(Dataset excerpts)

text \<open>Homogeneous forms of degree d in the variables x_0,...,x_(n-1) over the complex
numbers, represented by their coefficient vectors indexed by exponent vectors.\<close>

definition mons :: "nat \<Rightarrow> nat \<Rightarrow> (nat \<Rightarrow> nat) set" where
  "mons n d = {\<alpha>. (\<forall>i\<ge>n. \<alpha> i = 0) \<and> (\<Sum>i<n. \<alpha> i) = d}"

definition forms :: "nat \<Rightarrow> nat \<Rightarrow> ((nat \<Rightarrow> nat) \<Rightarrow> complex) set" where
  "forms n d = {c. \<forall>\<alpha>. \<alpha> \<notin> mons n d \<longrightarrow> c \<alpha> = 0}"

definition form_eval :: "nat \<Rightarrow> nat \<Rightarrow> ((nat \<Rightarrow> nat) \<Rightarrow> complex) \<Rightarrow> (nat \<Rightarrow> complex) \<Rightarrow> complex" where
  "form_eval n d c x = (\<Sum>\<alpha>\<in>mons n d. c \<alpha> * (\<Prod>i<n. x i ^ \<alpha> i))"

definition form_deriv :: "nat \<Rightarrow> nat \<Rightarrow> ((nat \<Rightarrow> nat) \<Rightarrow> complex) \<Rightarrow> nat \<Rightarrow> (nat \<Rightarrow> complex) \<Rightarrow> complex" where
  "form_deriv n d c j x =
     (\<Sum>\<alpha>\<in>mons n d. c \<alpha> * of_nat (\<alpha> j) *
        (\<Prod>i<n. if i = j then x i ^ (\<alpha> i - 1) else x i ^ \<alpha> i))"

definition nonzero_vec :: "nat \<Rightarrow> (nat \<Rightarrow> complex) \<Rightarrow> bool" where
  "nonzero_vec n x \<longleftrightarrow> (\<exists>i<n. x i \<noteq> 0)"

definition smooth_form :: "nat \<Rightarrow> nat \<Rightarrow> ((nat \<Rightarrow> nat) \<Rightarrow> complex) \<Rightarrow> bool" where
  "smooth_form n d c \<longleftrightarrow> c \<in> forms n d \<and>
     (\<forall>x. nonzero_vec n x \<longrightarrow> \<not> (\<forall>j<n. form_deriv n d c j x = 0))"

definition qQ :: "(nat \<Rightarrow> complex) \<Rightarrow> complex" where
  "qQ x = x 0 * x 3 - x 1 * x 2"

definition qgrad :: "(nat \<Rightarrow> complex) \<Rightarrow> nat \<Rightarrow> complex" where
  "qgrad x j = (if j = 0 then x 3 else if j = 1 then - x 2 else if j = 2 then - x 1
                else if j = 3 then x 0 else 0)"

**What you need to do**. Word for word, restate the data above from its first line down to and including the line with "x = (\<Sum>\<alpha>\<in>mons".

**Answer to the exercise**.
text \<open>Homogeneous forms of degree d in the variables x_0,...,x_(n-1) over the complex
numbers, represented by their coefficient vectors indexed by exponent vectors.\<close>

definition mons :: "nat \<Rightarrow> nat \<Rightarrow> (nat \<Rightarrow> nat) set" where
  "mons n d = {\<alpha>. (\<forall>i\<ge>n. \<alpha> i = 0) \<and> (\<Sum>i<n. \<alpha> i) = d}"

definition forms :: "nat \<Rightarrow> nat \<Rightarrow> ((nat \<Rightarrow> nat) \<Rightarrow> complex) set" where
  "forms n d = {c. \<forall>\<alpha>. \<alpha> \<notin> mons n d \<longrightarrow> c \<alpha> = 0}"

definition form_eval :: "nat \<Rightarrow> nat \<Rightarrow> ((nat \<Rightarrow> nat) \<Rightarrow> complex) \<Rightarrow> (nat \<Rightarrow> complex) \<Rightarrow> complex" where
  "form_eval n d c x = (\<Sum>\<alpha>\<in>mons n d. c \<alpha> * (\<Prod>i<n. x i ^ \<alpha> i))"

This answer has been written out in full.